So sichern Sie sich die Vergütung für Besondere Leistungen

von RA Christoph Bubert und RA Mario Kirsten

in: Wirtschaftsdienst für Ingenieure & Architekten 4/2002, S. 9

Vor allem beim Bauen im Bestand sind Meinungsverschiedenheiten zwischen Bauherr und Planer über die Honorierung Besonderer Leistungen an der Tagesordnung. Sie als Planer werden mit folgenden Einwänden konfrontiert: Der Bauherr stuft die von Ihnen reklamierte Besondere Leistungen als Grundleistung (vor allem der Grundlagenermittlung) ein. Einwand Nummer Zwei lautet, dass alle Erschwernisse, die beim Planen und Bauen im Bestand auftreten, mit dem Umbauzuschlag gemäß §§ 24, 59 und 76 HOAI abgegolten seien.

Geben Sie nicht klein bei.
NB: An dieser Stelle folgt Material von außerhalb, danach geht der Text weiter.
(* There exist two tDCWs $\mathcal{D}_1,\mathcal{D}_2$ with $L(\mathcal{D}_1)=L(\mathcal{D}_2)$ that are both nice and minimal (no tDCW recognizing the same language has fewer states) and that are not isomorphic. Likewise, there exist two tDBWs recognizing the same language, both nice and minimal among tDBWs for that language, that are not isomorphic.
   Context: A tNCW is $\mathcal{A}=\langle\Sigma,Q,q_0,\delta,\alpha\rangle$: finite alphabet $\Sigma$, finite state set $Q$, initial state $q_0$, transition function $\delta:Q\times\Sigma\to 2^Q\setminus\{\emptyset\}$ with transition relation $\Delta=\{\langle q,\sigma,s\rangle:s\in\delta(q,\sigma)\}$, and $\alpha\subseteq\Delta$; its size is $|Q|$. $\alpha$-transitions are those in $\alpha$, $\bar\alpha$-transitions those in $\Delta\setminus\alpha$; $\delta^{\alpha}(q,\sigma)$, $\delta^{\bar\alpha}(q,\sigma)$ denote the $\sigma$-successors via $\alpha$-, resp. $\bar\alpha$-transitions. A run on $w=\sigma_1\sigma_2\cdots$ is $r_0r_1\cdots$ with $r_0=q_0$, $r_{i+1}\in\delta(r_i,\sigma_{i+1})$; it is accepting (co-Büchi) iff it traverses $\alpha$-transitions only finitely often. A tDCW is a tNCW with $|\delta(q,\sigma)|=1$ for all $q,\sigma$. A tDBW has the same syntax as a tDCW but a run is accepting iff it traverses $\alpha$-transitions infinitely often. $\mathcal{A}^q$ is $\mathcal{A}$ with initial state $q$; $q\sim s$ iff $L(\mathcal{A}^q)=L(\mathcal{A}^s)$. GFG: there is $f:\Sigma^*\to Q$ with $f(\epsilon)=q_0$, $\langle f(u),\sigma,f(u\sigma)\rangle\in\Delta$, and $f$'s run on every accepted word accepting; $q$ is GFG if $\mathcal{A}^q$ is. Nice: all states reachable and GFG, semantically deterministic (all $\sigma$-successors of a state pairwise $\sim$), safe deterministic ($|\delta^{\bar\alpha}(q,\sigma)|\le1$), and normal (a path of $\bar\alpha$-transitions from $q$ to $s$ implies one from $s$ to $q$); these notions are applied to tDBWs with the same structural meaning. For automata $\mathcal{A},\mathcal{B}$ with state sets $Q_\mathcal{A},Q_\mathcal{B}$, they are isomorphic if there is a bijection $\kappa:Q_\mathcal{A}\to Q_\mathcal{B}$ such that for all $q,q'\in Q_\mathcal{A}$ and $\sigma$: $q'\in\delta^{\bar\alpha}_\mathcal{A}(q,\sigma)$ iff $\kappa(q')\in\delta^{\bar\alpha}_\mathcal{B}(\kappa(q),\sigma)$, and $q'\in\delta^{\alpha}_\mathcal{A}(q,\sigma)$ iff $\kappa(q')\in\delta^{\alpha}_\mathcal{B}(\kappa(q),\sigma)$. *)

theory Defs
  imports Main
begin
Im folgenden Beitrag zeigen wir Ihnen, auf welche Honorargrundsätze Sie sich beim Planen und Bauen im Bestand berufen können und wie Sie Probleme bei der Durchsetzung der Vergütungsansprüche für Besondere Leistungen vermeiden.

Die Ausgangssituation
Wie schon erwähnt, tritt der Wunsch des Bauherrn nach der Ausführung oder die Notwendigkeit zur Erbringung Besonderer Leistungen vor allem in Umbausituationen auf. Typische Beispiele sind die Bestandsaufnahme, die Bestandsanalyse und/oder das Untersuchen von Lösungsmöglichkeiten nach grundsätzlich verschiedenen Anforderungen sowie die Erstellung von Wirtschaftlichkeitsberechnungen, das Anfertigen von Mustern und Modellen oder das Ausarbeiten besonderer Maßnahmen zur Gebäude- und Bauteiloptimierung.
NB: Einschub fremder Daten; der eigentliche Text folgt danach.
(* Assume the wavelets are compactly supported. Let $s\ge0$, $p\in[1,+\infty)$, let $d'\in(0,d)$ and let $(K,t,N,a,(\Theta_n),\mu)$ be adapted Cantor data of dimension at least $d'$. For every $\alpha\in(\max(0,d-sp),d')$ and every $G\subset K$ with $\overline{\dim}_B(G)<\alpha$, there exists $f\in B^{s,1}_p(\mathbb R^d)$ with $\|f\|\le1$ such that: (1) for all $x\in K$, $(P_jf(x))_j$ converges; (2) for all $x\in K$ and all $j\in\mathbb N$, $R_jf(x)\ge0$; (3) for all $x\in G$, $\liminf_j\frac{\log|R_jf(x)|}{j\log2}\ge\frac{d-sp-\alpha}p$.
   Context: Standing setup. $(V_j)_{j\in\mathbb Z}$ is an orthogonal multiresolution analysis of $L^2(\mathbb R^d)$ with scaling function $\varphi$, and $\psi^{(1)},\dots,\psi^{(2^d-1)}$ associated wavelets (the functions $2^{dj/2}\psi^{(i)}(2^j\cdot-k)$ form an orthonormal basis of $L^2(\mathbb R^d)$), smooth (at least $\lfloor s\rfloor+1$ derivatives). For $j\ge0$, $k\in\mathbb Z^d$, the dyadic cube $(j,k)=\prod_m[k_m2^{-j},(k_m+1)2^{-j})$, $\Lambda_j$ the set of such cubes, $\psi^{(i)}_{(j,k)}(x)=\psi^{(i)}(2^jx-k)$; for a closed dyadic cube $\mu=\prod_m[k_m2^{-j},(k_m+1)2^{-j}]$ write $\psi^{(1)}_\mu=\psi^{(1)}(2^j\cdot-k)$. For $f$: $C_k=\int\overline{\varphi(x-k)}f$, $c^{(i)}_\lambda=2^{dj}\int\overline{\psi^{(i)}_\lambda}f$, $Q_lf=\sum_i\sum_{\lambda\in\Lambda_l}c^{(i)}_\lambda\psi^{(i)}_\lambda$, $P_jf=\sum_kC_k\varphi(\cdot-k)+\sum_{0\le l<j}Q_lf$, and when $(P_jf(x))_j$ converges, $R_jf(x)=\sum_{l\ge j}Q_lf(x)$. $B^{s,q}_p(\mathbb R^d)$: $f$ with $(C_k)\in\ell^p$ and $(\varepsilon_j)\in\ell^q$, $\varepsilon_j=2^{(s-d/p)j}(\sum_i\sum_{\lambda\in\Lambda_j}|c^{(i)}_\lambda|^p)^{1/p}$, norm $\|(C_k)\|_{\ell^p}+\|(\varepsilon_j)\|_{\ell^q}$. $\overline{\dim}_B$ is upper box dimension; $\log0=-\infty$. Adapted Cantor data of dimension at least $d'$: a compact self-similar set $K\subset\mathbb R^d$ satisfying the open set condition with $\dim_{\mathcal H}K=\dim_{\mathcal P}K\ge d'$, integers $t,N\ge1$, a nonzero real $a$, finite families $\Theta_n$ ($n\ge0$) of closed dyadic cubes of side $2^{-(t+Nn)}$ and injective maps $\mu$ from $\Theta_n$ to closed dyadic cubes of side $2^{-Nn}$, such that $K_n=\bigcup_{\lambda\in\Theta_n}\lambda$ is decreasing, $K=\bigcap_nK_n$, and for all $n$, $x\in K_n$, $\lambda\in\Theta_n$: $a\psi^{(1)}_{\mu(\lambda)}(x)\ge1$ if $x\in\lambda$ and $\psi^{(1)}_{\mu(\lambda)}(x)=0$ otherwise. *)

theory Defs
  imports "HOL-Analysis.Analysis"
begin

definition vec_of_int :: "int^'n \<Rightarrow> real^'n" where
  "vec_of_int k = (\<chi> m. real_of_int (k$m))"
Diese Besonderen Leistungen können einen durchsetzbaren Honoraranspruch auslösen (§ 5 Absatz 4 HOAI). Voraussetzung ist, dass
die Leistungen im Verhältnis zu den Grundleistungen einen nicht unwesentlichen Arbeits- und Zeitaufwand verursachen (diese Bedingung dürfte in der Regel erfüllt sein), und
das Honorar schriftlich vereinbart worden ist.
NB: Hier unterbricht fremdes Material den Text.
theorem theorem5p3:
  fixes f g :: "'a::euclidean_space \<Rightarrow> ereal"
    and G :: "'a \<Rightarrow> 'a"
    and \<Omega> :: "'a set"
    and \<mu> L \<sigma>h \<sigma>u lam :: real
    and x y xt u v :: "nat \<Rightarrow> 'a"
    and \<epsilon> a A :: "nat \<Rightarrow> real"
    and xstar :: 'a
  assumes f_proper: "proper_fun f" and f_closed: "closed_fun f" and f_convex: "convex_fun f"
    and g_proper: "proper_fun g" and g_closed: "closed_fun g" and g_convex: "convex_fun g"
    and h_dom: "edom (\<lambda>z. f z + g z) \<noteq> {}"
    and mu_pos: "\<mu> > 0" and g_strong: "strongly_convex_fun \<mu> g"
    and Omega_ne: "\<Omega> \<noteq> {}" and Omega_closed: "closed \<Omega>" and Omega_convex: "convex \<Omega>"
    and dom_f: "edom f \<subseteq> \<Omega>"
    and g_diff: "\<exists>U. open U \<and> \<Omega> \<subseteq> U \<and> (\<forall>z\<in>U. g z \<noteq> \<infinity> \<and>
                    ((\<lambda>w. real_of_ereal (g w)) has_derivative (\<lambda>d. inner (G z) d)) (at z))"
    and L_pos: "L > 0"
    and G_lip: "\<forall>z\<in>\<Omega>. \<forall>w\<in>\<Omega>. norm (G z - G w) \<le> L * norm (z - w)"
    and L_ge_mu: "L \<ge> \<mu>"
    and sh: "\<sigma>h \<ge> 0" and su: "0 < \<sigma>u" "\<sigma>u \<le> 1" and ssum: "\<sigma>u + \<sigma>h < 1"
    and lam_def: "lam = \<sigma>u / (sqrt ((\<sigma>u * \<mu> / 2)\<^sup>2 + L\<^sup>2) - \<sigma>u * \<mu> / 2)"
    and A0: "A 0 = 0"
    and a_def: "\<And>k. a (Suc k) = ((1 + 2 * \<mu> * A k) * lam
                  + sqrt (((1 + 2 * \<mu> * A k))\<^sup>2 * lam\<^sup>2 + 4 * (1 + \<mu> * A k) * A k * lam)) / 2"
    and xt_def: "\<And>k. xt k = ((a (Suc k) - \<mu> * A k * lam) / (A k + a (Suc k))) *\<^sub>R x k
                  + ((A k + \<mu> * A k * lam) / (A k + a (Suc k))) *\<^sub>R y k"
    and PG: "\<And>k. approx_PG_sol f G \<Omega> \<mu> \<sigma>h (xt k) lam (y (Suc k)) (u (Suc k)) (\<epsilon> (Suc k))"
    and A_suc: "\<And>k. A (Suc k) = A k + a (Suc k)"
    and v_def: "\<And>k. v (Suc k) = u (Suc k) + G (y (Suc k))"
    and x_suc: "\<And>k. x (Suc k) = ((1 + \<mu> * A k) / (1 + \<mu> * A (Suc k))) *\<^sub>R x k
                  + (\<mu> * a (Suc k) / (1 + \<mu> * A (Suc k))) *\<^sub>R y (Suc k)
                  - (a (Suc k) / (1 + \<mu> * A (Suc k))) *\<^sub>R v (Suc k)"
    and xstar_min: "\<forall>z. f xstar + g xstar \<le> f z + g z"
  shows "let \<sigma> = \<sigma>h + \<sigma>u; d0 = norm (xstar - x 0);
             \<gamma> = sqrt (\<sigma>u / (1 + \<sigma>u)); \<rho> = 1 - \<gamma> * sqrt (\<mu> / L) in
     (\<forall>k\<ge>1. (f (y k) + g (y k)) - (f xstar + g xstar) \<le> ereal (L * d0\<^sup>2 / (2 * \<sigma>u) * \<rho> ^ (k - 1))
        \<and> max (norm (xstar - y k)) (norm (xstar - x k))
            \<le> sqrt (L / (\<sigma>u * \<mu>)) * d0 * \<rho> powr (real (k - 1) / 2))
   \<and> (\<forall>k\<ge>1. v (k + 1) \<in> {w + G (y (k + 1)) | w. w \<in> eps_subdiff f (\<epsilon> (k + 1)) (y (k + 1))}
        \<and> norm (v (k + 1)) \<le> 6 * d0 * L powr (3 / 2) / (\<mu> powr (1 / 2) * \<sigma>u powr (3 / 2))
             * (1 + \<sigma> * sqrt (1 + \<sigma>u * \<mu> / L)) * \<rho> powr (real (k - 1) / 2)
        \<and> \<epsilon> (k + 1) \<le> 3 * \<sigma>\<^sup>2 * d0\<^sup>2 * L\<^sup>2 / (\<sigma>u\<^sup>2 * \<mu>) * \<rho> ^ (k - 1))"
proof -
  interpret inexact_accelerated_pg f g G \<Omega> \<mu> L \<sigma>h \<sigma>u lam x y xt u v \<epsilon> a A xstar
    by unfold_locales (fact assms)+
  have "(f (y k) + g (y k)) - (f xstar + g xstar) \<le> ereal (L * d0\<^sup>2 / (2 * \<sigma>u) * rho ^ (k - 1))
      \<and> max (norm (xstar - y k)) (norm (xstar - x k)) \<le> radius (k - 1)" if "k \<ge> 1" for k
  proof -
    obtain j where k: "k = Suc j" using \<open>k \<ge> 1\<close> by (cases k) auto
    show ?thesis unfolding k hval_gap[OF f_finite_at_iterate]
      using value_gap_le[of j] dist_iterates_le[of j] by simp
  qed
  moreover have "v (k + 1) \<in> {w + G (y (k + 1)) | w. w \<in> eps_subdiff f (\<epsilon> (k + 1)) (y (k + 1))}"
    for k using PG_solution(2)[of k] v_def[of k] by auto
  moreover have "norm (v (k + 1)) \<le> 6 * d0 * L powr (3 / 2) / (\<mu> powr (1 / 2) * \<sigma>u powr (3 / 2))
        * (1 + (\<sigma>h + \<sigma>u) * sqrt (1 + \<sigma>u * \<mu> / L)) * rho powr (real (k - 1) / 2)
      \<and> \<epsilon> (k + 1) \<le> 3 * (\<sigma>h + \<sigma>u)\<^sup>2 * d0\<^sup>2 * L\<^sup>2 / (\<sigma>u\<^sup>2 * \<mu>) * rho ^ (k - 1)"
    if "k \<ge> 1" for k
  proof -
    obtain j where k: "k = Suc j" using \<open>k \<ge> 1\<close> by (cases k) auto
    show ?thesis unfolding k using gradient_residual_rate[of j] approximation_error_rate[of j] by simp
  qed
  ultimately show ?thesis
    unfolding Let_def d0_def[symmetric] rho_def[symmetric] radius_def[symmetric] by blast
qed

end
BGH macht aus Honorar- noch ein Haftungsproblem
Neben dem Schriftformerfordernis ist durch die Rechtsprechung des Bundesgerichtshofs (BGH) auch ein Haftungsproblem aufgetreten. Nach Ansicht des BGH enthält die HOAI keine normativen Leitbilder für den Inhalt von Architekten- und Ingenieurverträgen. Die von Ihnen geschuldete Leistung ergibt sich allein aus dem geschlossenen Vertrag (Urteil vom 24.10.1996, Az: VII ZR 283/95). Das heißt: Wenn dies zum Erreichen des im Werkvertrag beschriebenen Erfolgs notwendig ist, müssen Sie auch Besondere Leistungen erbringen. Einer ausdrücklichen Niederlegung im Vertrag bedarf es nicht.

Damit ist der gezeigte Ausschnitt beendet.